Most environmental economists are in favour of charging businesses and households on the basis of how much pollution they emit, or how much of a scarce resource they use. They are in favour of it for two reasons; it means that we are encouraged to automatically conserve rather than to destroy, and secondly, we can use the revenues generated to reduce other taxes, including taxes on labour, that destroy jobs. This combination of outcomes is sometimes called the ‘double dividend’, and the policy is called ‘tax neutrality.’ And it was what the Commission on Taxation – which first met in March 2008, and whose report was published in September 2009 – recommended when it proposed a carbon tax1. But the economic tide went out, the government faced bankruptcy, and reducing other taxes by an equivalent amount (tax neutrality) was off the agenda.
The same logic applied to the introduction of property taxes, and water charges. The property tax is eminently sensible for a few reasons, not least because it is an income stream that stays relatively stable when other revenues fall, it is less damaging to jobs than a tax on employment, and it also taxes the only form of wealth that cannot easily be transferred to another jurisdiction. And the case for joining the rest of the developed world and charging for water partly based on use is also compelling. But convincing the public that new taxes and charges are a good idea at a time when many are experiencing falling incomes is almost impossible.
Over the next few years economic growth may provide additional resources to Government which would allow some increases in public spending and tax reductions. If this is the case, we should use the opportunity to help convince tax payers that the above changes we have so painfully enacted in terms of the tax base should be retained. It would be useful to set out the direction of tax policy over the next few years as resources allow. The following principles should apply:
- Keep the existing portfolio of new taxes and charges in place. They have many benefits and positive features, and it would be a big mistake to unwind them; the costs in terms of economic and environmental performance and international reputation would be very serious.
- Make the case for their retention, but make the point that there is now an opportunity to go some way to meet the recommendations of the Commission on Taxation, and reduce other taxes.

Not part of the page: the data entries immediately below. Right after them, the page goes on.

(* Let $\rho_{AB}$ be an arbitrary two-qubit state, $\rho_A=\operatorname{Tr}_B[\rho_{AB}]$, $\rho_B=\operatorname{Tr}_A[\rho_{AB}]$, $\mu_1,\mu_2\in[0,\tfrac{1}{\sqrt3}]$, and $\tau^1_{AB}=\mu_1\rho_{AB}+(1-\mu_1)\rho_A\otimes\tfrac{\mathbb{I}}{2}$, $\tau^2_{AB}=\mu_2\rho_{AB}+(1-\mu_2)\tfrac{\mathbb{I}}{2}\otimes\rho_B$. If the partial transpose of $\tau^1_{AB}$ has at least one negative eigenvalue, then $\rho_{AB}$ is EPR steerable from Bob to Alice. If the partial transpose of $\tau^2_{AB}$ has at least one negative eigenvalue, then $\rho_{AB}$ is EPR steerable from Alice to Bob.
   Context: $\mathbb{I}$ is the $2\times2$ identity. Partial transpose means $(\mathrm{id}\otimes T)$ applied to the two-qubit operator, with $T$ the transpose in the computational basis. EPR steerability: $\rho_{AB}$ is NOT EPR steerable from Bob to Alice iff there exist $P(\lambda)$, quantum states $\rho^A_\lambda$ of Alice, and arbitrary distributions $P(b|B,\lambda)$ such that for all POVM measurements $A=\{M^A_a\}$ of Alice, $B=\{M^B_b\}$ of Bob and all outcomes, $\operatorname{Tr}[(M^A_a\otimes M^B_b)\rho_{AB}]=\sum_\lambda P(\lambda)\operatorname{Tr}[\rho^A_\lambda M^A_a]P(b|B,\lambda)$; otherwise it is steerable from Bob to Alice. Steerability from Alice to Bob is defined symmetrically, with Bob's side given by quantum states $\rho^B_\lambda$ and Alice's side by arbitrary distributions $P(a|A,\lambda)$. *)

theory Defs
  imports "Jordan_Normal_Form.Char_Poly" "HOL-Analysis.Infinite_Sum"
begin

text \<open>Two-qubit operators are 4x4 complex matrices w.r.t. the computational basis
  |a b> (a for Alice, b for Bob), indexed by 2*a+b.\<close>

definition mtrace :: "complex mat \<Rightarrow> complex" where
  "mtrace A = (\<Sum>i<dim_row A. A $$ (i, i))"

definition psd :: "nat \<Rightarrow> complex mat \<Rightarrow> bool" where
  "psd n A \<longleftrightarrow> A \<in> carrier_mat n n \<and>
     (\<forall>v \<in> carrier_vec n.
        let q = (\<Sum>i<n. \<Sum>j<n. cnj (v $ i) * A $$ (i, j) * v $ j) in Im q = 0 \<and> Re q \<ge> 0)"

definition density :: "nat \<Rightarrow> complex mat \<Rightarrow> bool" where
  "density n A \<longleftrightarrow> psd n A \<and> mtrace A = 1"

definition qubit_state :: "complex mat \<Rightarrow> bool" where
  "qubit_state A \<longleftrightarrow> density 2 A"

definition two_qubit_state :: "complex mat \<Rightarrow> bool" where
  "two_qubit_state A \<longleftrightarrow> density 4 A"

definition kron :: "complex mat \<Rightarrow> complex mat \<Rightarrow> complex mat" where
  "kron A B = mat (dim_row A * dim_row B) (dim_col A * dim_col B)
     (\<lambda>(i, j). A $$ (i div dim_row B, j div dim_col B) * B $$ (i mod dim_row B, j mod dim_col B))"

definition ptrace_B :: "complex mat \<Rightarrow> complex mat" where
  "ptrace_B r = mat 2 2 (\<lambda>(i, j). \<Sum>k<2. r $$ (2 * i + k, 2 * j + k))"

definition ptrace_A :: "complex mat \<Rightarrow> complex mat" where
  "ptrace_A r = mat 2 2 (\<lambda>(i, j). \<Sum>k<2. r $$ (2 * k + i, 2 * k + j))"

definition ptranspose_B :: "complex mat \<Rightarrow> complex mat" where
  "ptranspose_B r = mat 4 4 (\<lambda>(i, j). r $$ (2 * (i div 2) + j mod 2, 2 * (j div 2) + i mod 2))"

definition has_neg_eigenvalue :: "complex mat \<Rightarrow> bool" where
  "has_neg_eigenvalue A \<longleftrightarrow> (\<exists>x::real. x < 0 \<and> eigenvalue A (complex_of_real x))"

definition qubit_povm :: "complex mat list \<Rightarrow> bool" where
  "qubit_povm M \<longleftrightarrow> (\<forall>E \<in> set M. psd 2 E) \<and>
     (\<forall>i<2. \<forall>j<2. (\<Sum>b<length M. (M ! b) $$ (i, j)) = (1\<^sub>m 2) $$ (i, j))"

text \<open>Local hidden state models; hidden variables lambda range over a countable set (nat),
  P(lambda) a probability distribution, sums as (absolutely convergent) has_sum.\<close>

definition lhs_model_B_to_A :: "complex mat \<Rightarrow> bool" where
  "lhs_model_B_to_A r \<longleftrightarrow>
     (\<exists>(P :: nat \<Rightarrow> real) (\<sigma> :: nat \<Rightarrow> complex mat) (resp :: complex mat list \<Rightarrow> nat \<Rightarrow> nat \<Rightarrow> real).
        (\<forall>l. P l \<ge> 0) \<and> (P has_sum 1) UNIV \<and> (\<forall>l. qubit_state (\<sigma> l)) \<and>
        (\<forall>B l. qubit_povm B \<longrightarrow> (\<forall>b<length B. resp B l b \<ge> 0) \<and> (\<Sum>b<length B. resp B l b) = 1) \<and>
        (\<forall>A B a b. qubit_povm A \<longrightarrow> qubit_povm B \<longrightarrow> a < length A \<longrightarrow> b < length B \<longrightarrow>
           ((\<lambda>l. complex_of_real (P l) * mtrace (\<sigma> l * (A ! a)) * complex_of_real (resp B l b))
              has_sum mtrace (kron (A ! a) (B ! b) * r)) UNIV))"

definition lhs_model_A_to_B :: "complex mat \<Rightarrow> bool" where
  "lhs_model_A_to_B r \<longleftrightarrow>
     (\<exists>(P :: nat \<Rightarrow> real) (\<sigma> :: nat \<Rightarrow> complex mat) (resp :: complex mat list \<Rightarrow> nat \<Rightarrow> nat \<Rightarrow> real).
        (\<forall>l. P l \<ge> 0) \<and> (P has_sum 1) UNIV \<and> (\<forall>l. qubit_state (\<sigma> l)) \<and>
        (\<forall>A l. qubit_povm A \<longrightarrow> (\<forall>a<length A. resp A l a \<ge> 0) \<and> (\<Sum>a<length A. resp A l a) = 1) \<and>
        (\<forall>A B a b. qubit_povm A \<longrightarrow> qubit_povm B \<longrightarrow> a < length A \<longrightarrow> b < length B \<longrightarrow>
           ((\<lambda>l. complex_of_real (P l) * complex_of_real (resp A l a) * mtrace (\<sigma> l * (B ! b)))
              has_sum mtrace (kron (A ! a) (B ! b) * r)) UNIV))"

definition steerable_B_to_A :: "complex mat \<Rightarrow> bool" where
  "steerable_B_to_A r \<longleftrightarrow> \<not> lhs_model_B_to_A r"

definition steerable_A_to_B :: "complex mat \<Rightarrow> bool" where
  "steerable_A_to_B r \<longleftrightarrow> \<not> lhs_model_A_to_B r"

end

theory Submission
  imports Defs
begin

(* An LHS model for steering from Bob to Alice assigns to each hidden variable l a state sigma_l
   of Alice and response probabilities of Bob. Evaluating the model on an informationally complete
   set of qubit measurements on both sides gives rho = sum_l P(l) sigma_l \<otimes> G_l, where
   G_l = (I + r_l . sigma)/2 is assembled from Bob's responses to Z, X and Y, so r_l \<in> [-1,1]^3
   but G_l need not be positive. Since tr G_l = 1, the noisy state is
   tau^1 = sum_l P(l) sigma_l \<otimes> (mu G_l + (1 - mu) I/2), and mu \<le> 1/sqrt 3 gives |mu r_l| \<le> 1,
   so every factor is positive: tau^1 is separable and its partial transpose has no negative
   eigenvalue. The direction from Alice to Bob is symmetric. *)

lemma has_sum_sum:
  fixes f :: "'i \<Rightarrow> 'a \<Rightarrow> 'b::topological_comm_monoid_add"
  assumes "finite I" "\<And>i. i \<in> I \<Longrightarrow> (f i has_sum s i) A"
  shows "((\<lambda>x. \<Sum>i\<in>I. f i x) has_sum (\<Sum>i\<in>I. s i)) A"
  using assms by (induction I rule: finite_induct) (auto intro: has_sum_add)

lemma sum_lessThan_2: "(\<Sum>i<2::nat. g i) = g 0 + (g 1 :: 'a::comm_monoid_add)"
  by (simp add: numeral_eq_Suc lessThan_Suc add.commute)

lemma sum_lessThan_4: "(\<Sum>i<4::nat. g i) = g 0 + g 1 + g 2 + (g 3 :: 'a::comm_monoid_add)"
  by (simp add: numeral_eq_Suc lessThan_Suc add.assoc add.commute add.left_commute)

lemma sum_lessThan_4_split: "(\<Sum>r<4::nat. g r) = (\<Sum>i<2. \<Sum>b<2. g (2*i+b) :: 'a::comm_monoid_add)"
  by (simp add: sum_lessThan_4 sum_lessThan_2 add.assoc)

definition mat2 :: "complex \<Rightarrow> complex \<Rightarrow> complex \<Rightarrow> complex \<Rightarrow> complex mat" where
  "mat2 a b c d = mat 2 2 (\<lambda>(i, j). if i = 0 then (if j = 0 then a else b) else (if j = 0 then c else d))"

lemma mat2_simps [simp]:
  "mat2 a b c d $$ (0, 0) = a" "mat2 a b c d $$ (0, Suc 0) = b"
  "mat2 a b c d $$ (Suc 0, 0) = c" "mat2 a b c d $$ (Suc 0, Suc 0) = d"
  "mat2 a b c d \<in> carrier_mat 2 2"
  by (simp_all add: mat2_def)

lemma mtrace_mult_2x2:
  assumes "A \<in> carrier_mat 2 2" "B \<in> carrier_mat 2 2"
  shows "mtrace (A * B) = A$$(0,0)*B$$(0,0) + A$$(0,1)*B$$(1,0) + A$$(1,0)*B$$(0,1) + A$$(1,1)*B$$(1,1)"
  using assms by (simp add: mtrace_def sum_lessThan_2 scalar_prod_def atLeast0LessThan algebra_simps)

(* The projectors onto |0>, |1>, |+> and |+i>, which span all 2x2 matrices. *)
definition tomo_effect :: "nat \<Rightarrow> complex mat" where
  "tomo_effect e = (if e = 0 then mat2 1 0 0 0 else if e = 1 then mat2 0 0 0 1
     else if e = 2 then mat2 (1/2) (1/2) (1/2) (1/2) else mat2 (1/2) (-\<i>/2) (\<i>/2) (1/2))"
lemma indicator_rank_jumps_in_base_polyhedron:
  assumes "z \<in> maximal_chains"
  shows "restrict (indicator (rank_jumps \<rho> z)) E \<in> base_polyhedron E D \<rho>"
proof -
  have z: "feasible_list D z" "set z = E" using assms by (auto simp: maximal_chains_def)
  have "sum (restrict (indicator (rank_jumps \<rho> z)) E) A \<le> real (\<rho> A)" if "A \<in> D" for A
  proof -
    have "A \<inter> set z = A" using D_subset[OF that] z(2) by blast
    then show ?thesis
      using card_Int_rank_jumps_le[OF z(1) that] sum_restrict_indicator[OF finite_member_D D_subset, OF that that]
      by simp
  qed
  moreover have "E \<inter> rank_jumps \<rho> z = rank_jumps \<rho> z" using rank_jumps_subset[of \<rho> z] z(2) by blast
  ultimately show ?thesis
    using card_rank_jumps[OF z(1)] z(2) sum_restrict_indicator[OF finite_E subset_refl]
    by (simp add: base_polyhedron_def)
qed

lemma sum_indicator_rank_jumps_suffix:
  assumes "z \<in> maximal_chains" "z = u @ l"
  shows "sum (restrict (indicator (rank_jumps \<rho> z)) E) (set l) = real (\<rho> (set l))"
proof -
  have z: "feasible_list D z" "set z = E" using assms(1) by (auto simp: maximal_chains_def)
  have "set l \<inter> rank_jumps \<rho> z = rank_jumps \<rho> l"
    using rank_jumps_append_inter feasible_list_distinct[OF z(1)] assms(2) by blast
  moreover have "card (rank_jumps \<rho> l) = \<rho> (set l)"
    using card_rank_jumps feasible_list_appendD z(1) assms(2) by blast
  moreover have "set l \<subseteq> E" using z(2) assms(2) by auto
  ultimately show ?thesis using sum_restrict_indicator[of "set l" E] by simp
qed
(* Let $x_1,\dots,x_n\in\mathbb R^d$, with $n\ge d+1$, be such that the $(d+1)\times n$ matrix with columns $\binom{1}{x_1},\dots,\binom{1}{x_n}$ has all maximal minors positive. Let $\pi\in S_n$ be such that the matrix with columns $\binom{1}{x_{\pi(1)}},\dots,\binom{1}{x_{\pi(n)}}$ also has all maximal minors positive. Then the map $x_i\mapsto x_{\pi(i)}$ is a combinatorial automorphism of the polytope $P=\operatorname{conv}(x_1,\dots,x_n)$, i.e. it induces an automorphism of the face lattice of $P$. *)

theory Defs
  imports "HOL-Analysis.Analysis"
begin

definition lift_col :: "real^'d::{finite,linorder} \<Rightarrow> real list" where
  "lift_col v = 1 # map (\<lambda>k. v $ k) (sorted_list_of_set (UNIV :: 'd set))"

definition ldet :: "nat \<Rightarrow> (nat \<Rightarrow> nat \<Rightarrow> real) \<Rightarrow> real" where
  "ldet m M = (\<Sum>p | p permutes {..<m}. of_int (sign p) * (\<Prod>i<m. M i (p i)))"

definition positive_position :: "nat \<Rightarrow> (nat \<Rightarrow> real^'d::{finite,linorder}) \<Rightarrow> bool" where
  "positive_position n x \<longleftrightarrow>
     (\<forall>s. (\<forall>k < CARD('d) + 1. s k < n) \<and> strict_mono_on {..<CARD('d) + 1} s \<longrightarrow>
        ldet (CARD('d) + 1) (\<lambda>r c. lift_col (x (s c)) ! r) > 0)"

end

theory Submission
  imports Defs Jordan_Normal_Form.Determinant
begin

text \<open>For a set T of d labels, the function y \<mapsto> det(lift y, lift x(T)) is affine and vanishes on
  the points x(t), t \<in> T; at a point x(j) with j \<notin> T it is (-1)^#{t \<in> T. t < j} times the maximal
  minor on T \<union> {j}, so positivity of the minors fixes its sign. Hence T is the label set of a
  facet iff Gale's evenness condition holds, and since every face is an intersection of facets,
  the family of label sets of faces depends only on n and d. It is therefore the same for the
  relabelled configuration x \<circ> \<pi>, which means that \<pi> permutes the label sets of faces.\<close>

definition colmat :: "nat \<Rightarrow> (nat \<Rightarrow> real list) \<Rightarrow> real mat" where
  "colmat m cs = mat m m (\<lambda>(r, c). cs c ! r)"

definition lin_form :: "nat \<Rightarrow> (nat \<Rightarrow> real) \<Rightarrow> real list \<Rightarrow> real" where
  "lin_form m v l = (\<Sum>r<m. v r * l ! r)"

lemma colmat_carrier [simp]: "colmat m cs \<in> carrier_mat m m"
  by (simp add: colmat_def)

lemma ldet_eq_det_colmat: "ldet m (\<lambda>r c. cs c ! r) = det (colmat m cs)"
proof -
  have "det (colmat m cs) =
      (\<Sum>p | p permutes {..<m}. of_int (sign p) * (\<Prod>i<m. colmat m cs $$ (i, p i)))"
    unfolding det_def colmat_def by (simp add: atLeast0LessThan)
  also have "\<dots> = ldet m (\<lambda>r c. cs c ! r)"
    unfolding ldet_def
  proof (rule sum.cong [OF refl])
    fix p assume "p \<in> {p. p permutes {..<m}}"
    then have "\<And>i. i < m \<Longrightarrow> p i < m"
      using permutes_in_image by fastforce
    then show "of_int (sign p) * (\<Prod>i<m. colmat m cs $$ (i, p i)) =
        of_int (sign p) * (\<Prod>i<m. cs (p i) ! i)"
      by (simp add: colmat_def)
  qed
  finally show ?thesis by simp
qed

It is impossible of course to reduce taxes so that everyone who is paying the new taxes and charges is fully compensated. But a broad effort to make the connection is important. It will help secure the progress we have already made, and make a contribution to avoiding another economic crash.
1 “It is our general view that the revenue raised through the measures we propose should be used to reduce the tax burden in other areas so that the reform is tax neutral overall”. Commission on Taxation 2009, p3.